2016 short film by Faraz Arif Ansari

Silvat is an Indian Hindi-language romantic drama short film under the Zeal For Unity festival 2016. It is written by Faraz Arif Ansari and directed by Tanuja Chandra, starring Kartik Aaryan and Meher Mistry in the leading roles. Kartik Aaryan shot this short film while filming Pyaar Ka Punchnama 2.

==Plot==

Noor, a married woman, falls in love with Anwar, a tailor.
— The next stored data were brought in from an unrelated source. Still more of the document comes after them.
(* Let $(X,\tau)$ be a metrizable topological space, let $W\subseteq X$ be such that $\operatorname{den}(W)$ is a cardinal of uncountable cofinality, and let $D$ be a finite family of metrics on $X$ each of which induces the topology $\tau$. Then there exists $\varepsilon_0>0$ such that for every $\varepsilon\in\,]0,\varepsilon_0[$ the values $\hat{\mathcal N}_\varepsilon(W)$, $\hat{\mathcal N}^X_\varepsilon(W)$, $\hat{\mathcal M}_\varepsilon(W)$ and $\mathcal M^*_\varepsilon(W)$, computed with respect to $d\in D$, do not depend on the choice of $d\in D$.
   Context: $\operatorname{den}(W)$ is the minimal cardinality of a dense subset of $W$ (a topological quantity). Cofinality of a cardinal $\beta$: least ordinal $\alpha$ admitting a strictly increasing cofinal map $\alpha\to\beta$. For a metric $d$: $B(c,r)=\{x:d(x,c)\le r\}$; $C$ is an $\varepsilon$-net for $W$ if $W\subseteq\bigcup_{c\in C}B(c,\varepsilon)$; $A$ is $\varepsilon$-distinguishable if $d(x,y)>\varepsilon$ for distinct $x,y\in A$. $\hat{\mathcal N}^A_\varepsilon(W)$ is the minimal cardinality of an $\varepsilon$-net $C\subseteq A$ for $W$; $\hat{\mathcal N}_\varepsilon(W):=\hat{\mathcal N}^W_\varepsilon(W)$; $\hat{\mathcal M}_\varepsilon(W)$ is the smallest cardinality of an $\varepsilon$-distinguishable $A\subseteq W$ that is maximal under inclusion among $\varepsilon$-distinguishable subsets of $W$; $\mathcal M^*_\varepsilon(W)$ is the smallest cardinal $\ge\operatorname{card}(A)$ for every $\varepsilon$-distinguishable $A\subseteq W$. *)

theory Defs
  imports "HOL-Analysis.Analysis"
begin

text \<open>Cardinals are represented (as in HOL's BNF cardinal library) by well-orders,
  compared with \<open>\<le>o\<close> / \<open>=o\<close>; the cardinality of a set A is \<open>card_of A\<close>.\<close>

text \<open>Cofinality of a cardinal (well-order) r is at most omega iff some ordinal
  alpha \<le> omega (represented by a well-order on a subset of nat) admits a strictly
  increasing cofinal map into r.\<close>
definition cofinality_le_omega :: "'b rel \<Rightarrow> bool" where
  "cofinality_le_omega r \<longleftrightarrow>
     (\<exists>(\<alpha> :: nat rel) (f :: nat \<Rightarrow> 'b).
        Well_order \<alpha> \<and> (\<alpha>, natLeq) \<in> ordLeq \<and>
        f ` Field \<alpha> \<subseteq> Field r \<and>
        (\<forall>i\<in>Field \<alpha>. \<forall>j\<in>Field \<alpha>. (i, j) \<in> \<alpha> \<and> i \<noteq> j \<longrightarrow> (f i, f j) \<in> r \<and> f i \<noteq> f j) \<and>
        (\<forall>b\<in>Field r. \<exists>i\<in>Field \<alpha>. (b, f i) \<in> r))"

definition uncountable_cofinality :: "'b rel \<Rightarrow> bool" where
  "uncountable_cofinality r \<longleftrightarrow> \<not> cofinality_le_omega r"

definition dense_in :: "'a topology \<Rightarrow> 'a set \<Rightarrow> 'a set \<Rightarrow> bool" where
  "dense_in T W D \<longleftrightarrow> D \<subseteq> W \<and> W \<subseteq> T closure_of D"

definition den :: "'a topology \<Rightarrow> 'a set \<Rightarrow> 'a rel" where
  "den T W = card_of (SOME D. dense_in T W D \<and>
      (\<forall>D'. dense_in T W D' \<longrightarrow> (card_of D, card_of D') \<in> ordLeq))"

definition cball_d :: "'a set \<Rightarrow> ('a \<Rightarrow> 'a \<Rightarrow> real) \<Rightarrow> 'a \<Rightarrow> real \<Rightarrow> 'a set" where
  "cball_d X d c r = {x \<in> X. d x c \<le> r}"

definition is_net :: "'a set \<Rightarrow> ('a \<Rightarrow> 'a \<Rightarrow> real) \<Rightarrow> real \<Rightarrow> 'a set \<Rightarrow> 'a set \<Rightarrow> bool" where
  "is_net X d \<epsilon> W C \<longleftrightarrow> W \<subseteq> (\<Union>c\<in>C. cball_d X d c \<epsilon>)"

definition distinguishable :: "('a \<Rightarrow> 'a \<Rightarrow> real) \<Rightarrow> real \<Rightarrow> 'a set \<Rightarrow> bool" where
  "distinguishable d \<epsilon> A \<longleftrightarrow> (\<forall>x\<in>A. \<forall>y\<in>A. x \<noteq> y \<longrightarrow> d x y > \<epsilon>)"

definition N_hat :: "'a set \<Rightarrow> ('a \<Rightarrow> 'a \<Rightarrow> real) \<Rightarrow> real \<Rightarrow> 'a set \<Rightarrow> 'a set \<Rightarrow> 'a rel" where
  "N_hat X d \<epsilon> A W = card_of (SOME C. C \<subseteq> A \<and> is_net X d \<epsilon> W C \<and>
      (\<forall>C'. C' \<subseteq> A \<and> is_net X d \<epsilon> W C' \<longrightarrow> (card_of C, card_of C') \<in> ordLeq))"

definition maximal_distinguishable :: "('a \<Rightarrow> 'a \<Rightarrow> real) \<Rightarrow> real \<Rightarrow> 'a set \<Rightarrow> 'a set \<Rightarrow> bool" where
  "maximal_distinguishable d \<epsilon> W A \<longleftrightarrow> A \<subseteq> W \<and> distinguishable d \<epsilon> A \<and>
      (\<forall>B. A \<subseteq> B \<and> B \<subseteq> W \<and> distinguishable d \<epsilon> B \<longrightarrow> B = A)"

definition M_hat :: "('a \<Rightarrow> 'a \<Rightarrow> real) \<Rightarrow> real \<Rightarrow> 'a set \<Rightarrow> 'a rel" where
  "M_hat d \<epsilon> W = card_of (SOME A. maximal_distinguishable d \<epsilon> W A \<and>
      (\<forall>A'. maximal_distinguishable d \<epsilon> W A' \<longrightarrow> (card_of A, card_of A') \<in> ordLeq))"

text \<open>\<open>M_star\<close>: the smallest cardinal \<ge> card A for every \<epsilon>-distinguishable A \<subseteq> W.
  All such cardinals are \<le> card W, so cardinals on the type 'a suffice.\<close>
definition is_M_star :: "('a \<Rightarrow> 'a \<Rightarrow> real) \<Rightarrow> real \<Rightarrow> 'a set \<Rightarrow> 'a rel \<Rightarrow> bool" where
  "is_M_star d \<epsilon> W \<kappa> \<longleftrightarrow> Card_order \<kappa> \<and>
      (\<forall>A. A \<subseteq> W \<and> distinguishable d \<epsilon> A \<longrightarrow> (card_of A, \<kappa>) \<in> ordLeq) \<and>
      (\<forall>\<kappa>' :: 'a rel. Card_order \<kappa>' \<and>
          (\<forall>A. A \<subseteq> W \<and> distinguishable d \<epsilon> A \<longrightarrow> (card_of A, \<kappa>') \<in> ordLeq) \<longrightarrow> (\<kappa>, \<kappa>') \<in> ordLeq)"

definition M_star :: "('a \<Rightarrow> 'a \<Rightarrow> real) \<Rightarrow> real \<Rightarrow> 'a set \<Rightarrow> 'a rel" where
  "M_star d \<epsilon> W = (SOME \<kappa>. is_M_star d \<epsilon> W \<kappa>)"

end

theory Submission
  imports Defs
begin

unbundle cardinal_syntax

(*
  Fix one metric d inducing the topology and let \<kappa> = den(W).
  (1) Packing bound: an \<epsilon>-distinguishable subset of W injects into a least dense
      subset of W (send a point to a dense point at distance < \<epsilon>/2), so its size
      is \<le> \<kappa>.
  (2) Covering bound: for all small \<epsilon>, every \<epsilon>-net of W has size \<ge> \<kappa>.  Otherwise
      there are nets C_n of radius < 1/(n+1) with |C_n| < \<kappa>; choosing one point of W
      near each centre yields a dense subset of W of size |\<Union>n E_n| < \<kappa>, because a
      cardinal of uncountable cofinality is not a countable union of smaller sets.
  (3) A maximal \<epsilon>-distinguishable subset of W is an \<epsilon>-net of W, so it attains both
      bounds; hence all four invariants equal \<kappa> for all sufficiently small \<epsilon> > 0
      (i.e. eventually in the filter at_right 0).
  As \<kappa> does not depend on d and D is finite, these conditions hold simultaneously.
*)

text \<open>Any well-order obtained by restricting the natural order to a set of naturals
  has order type at most \<omega>; this is what makes such restrictions admissible
  domains in the definition of cofinality \<le> \<omega>.\<close>
lemma Restr_natLeq_ordLeq: "Restr natLeq S \<le>o natLeq"
proof (rule ccontr)
  assume "\<not> Restr natLeq S \<le>o natLeq"
  hence "natLeq <o Restr natLeq S"
    using not_ordLeq_iff_ordLess[OF natLeq_Well_order Well_order_Restr[OF natLeq_Well_order]]
    by blast
  then obtain a where "(natLeq, Restr (Restr natLeq S) (underS (Restr natLeq S) a)) \<in> ordIso"
    using ordLess_iff_ordIso_Restr[OF Well_order_Restr[OF natLeq_Well_order] natLeq_Well_order]
    by blast
  hence "|Field natLeq| \<le>o |Field (Restr (Restr natLeq S) (underS (Restr natLeq S) a))|"
    using card_of_mono2 ordIso_iff_ordLeq by blast
  moreover have "Field (Restr (Restr natLeq S) (underS (Restr natLeq S) a)) \<subseteq> {..a}"
    unfolding Field_def underS_def by (auto simp: natLeq_def)
  ultimately have "finite (Field (natLeq :: nat rel))"
    using card_of_ordLeq_finite finite_subset by blast
  thus False by (simp add: Field_natLeq)
qed

text \<open>A sequence that is cofinal in a well-order witnesses cofinality \<le> \<omega>: its
  strict records (terms exceeding all earlier terms) form a strictly increasing
  cofinal subsequence indexed by a set of naturals.\<close>
lemma cofinal_sequence_imp_cofinality_le_omega:
  fixes h :: "nat \<Rightarrow> 'b"
  assumes wo: "Well_order r"
    and cofinal: "\<forall>b\<in>Field r. \<exists>n. h n \<in> Field r \<and> (b, h n) \<in> r"
  shows "cofinality_le_omega r"
proof -
  have tr: "trans r"
    using wo by (simp add: well_order_on_def linear_order_on_def partial_order_on_def preorder_on_def)
  have tot: "\<And>x y. x \<in> Field r \<Longrightarrow> y \<in> Field r \<Longrightarrow> (x, y) \<in> r \<or> (y, x) \<in> r"
    using wo wo_rel.TOTALS[of r] unfolding wo_rel_def by blast
  define S where "S = {n. h n \<in> Field r \<and> (\<forall>m<n. h m \<in> Field r \<longrightarrow> (h m, h n) \<in> r \<and> h m \<noteq> h n)}"
  have FS: "Field (Restr natLeq S) = S"
    using Refl_Field_Restr[of natLeq S] natLeq_Refl by (simp add: Field_natLeq)
  have records_cofinal: "\<exists>i\<in>S. (b, h i) \<in> r" if b: "b \<in> Field r" for b
  proof -
    obtain n where n: "h n \<in> Field r" "(b, h n) \<in> r" using cofinal b by blast
    define m0 where "m0 = (LEAST m. h m \<in> Field r \<and> (h n, h m) \<in> r)"
    have "h n \<in> Field r \<and> (h n, h n) \<in> r" using n tot by blast
    hence m0: "h m0 \<in> Field r \<and> (h n, h m0) \<in> r"
      unfolding m0_def by (rule LeastI)
    have "(h m, h m0) \<in> r \<and> h m \<noteq> h m0" if "m < m0" "h m \<in> Field r" for m
    proof -
      have not_above: "(h n, h m) \<notin> r"
        using not_less_Least[OF that(1)[unfolded m0_def]] that(2) by blast
      hence "(h m, h n) \<in> r" using tot[OF that(2) n(1)] by blast
      hence "(h m, h m0) \<in> r" using m0 tr by (meson transD)
      moreover have "h m \<noteq> h m0" using not_above m0 by metis
      ultimately show ?thesis by blast
    qed
    hence "m0 \<in> S" using m0 unfolding S_def by blast
    moreover have "(b, h m0) \<in> r" using n m0 tr by (meson transD)
    ultimately show ?thesis by blast
  qed
  show ?thesis
    unfolding cofinality_le_omega_def
  proof (intro exI conjI)
    show "Well_order (Restr natLeq S)" by (rule Well_order_Restr[OF natLeq_Well_order])
    show "Restr natLeq S \<le>o natLeq" by (rule Restr_natLeq_ordLeq)
    show "h ` Field (Restr natLeq S) \<subseteq> Field r" unfolding FS by (auto simp: S_def)
    show "\<forall>i\<in>Field (Restr natLeq S). \<forall>j\<in>Field (Restr natLeq S).
        (i, j) \<in> Restr natLeq S \<and> i \<noteq> j \<longrightarrow> (h i, h j) \<in> r \<and> h i \<noteq> h j"
      unfolding FS by (auto simp: S_def natLeq_def)
    show "\<forall>b\<in>Field r. \<exists>i\<in>Field (Restr natLeq S). (b, h i) \<in> r"
      unfolding FS using records_cofinal by blast
  qed
qed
However, they never express their feelings as she awaits her husband's return from Riyadh.

==Cast==

- Kartik Aaryan as Anwar Khan
- Meher Mistry as Noor

==Release==
The film was released on Zindagi channel on 12 June 2016, and available for streaming on ZEE5.

==Reception==
===Critical reception===
Anvita Singh reviewed for The Indian Express said: Silvat is made up of such touching and telling moments, and effectively conveys the pain, tension and little pleasures of first love.

Anita Britto of SpotboyE rated 3 stars out of five and wrote "With a well-written script and immersive narrative, Silvat takes you to another world. A world where no one fights for their love."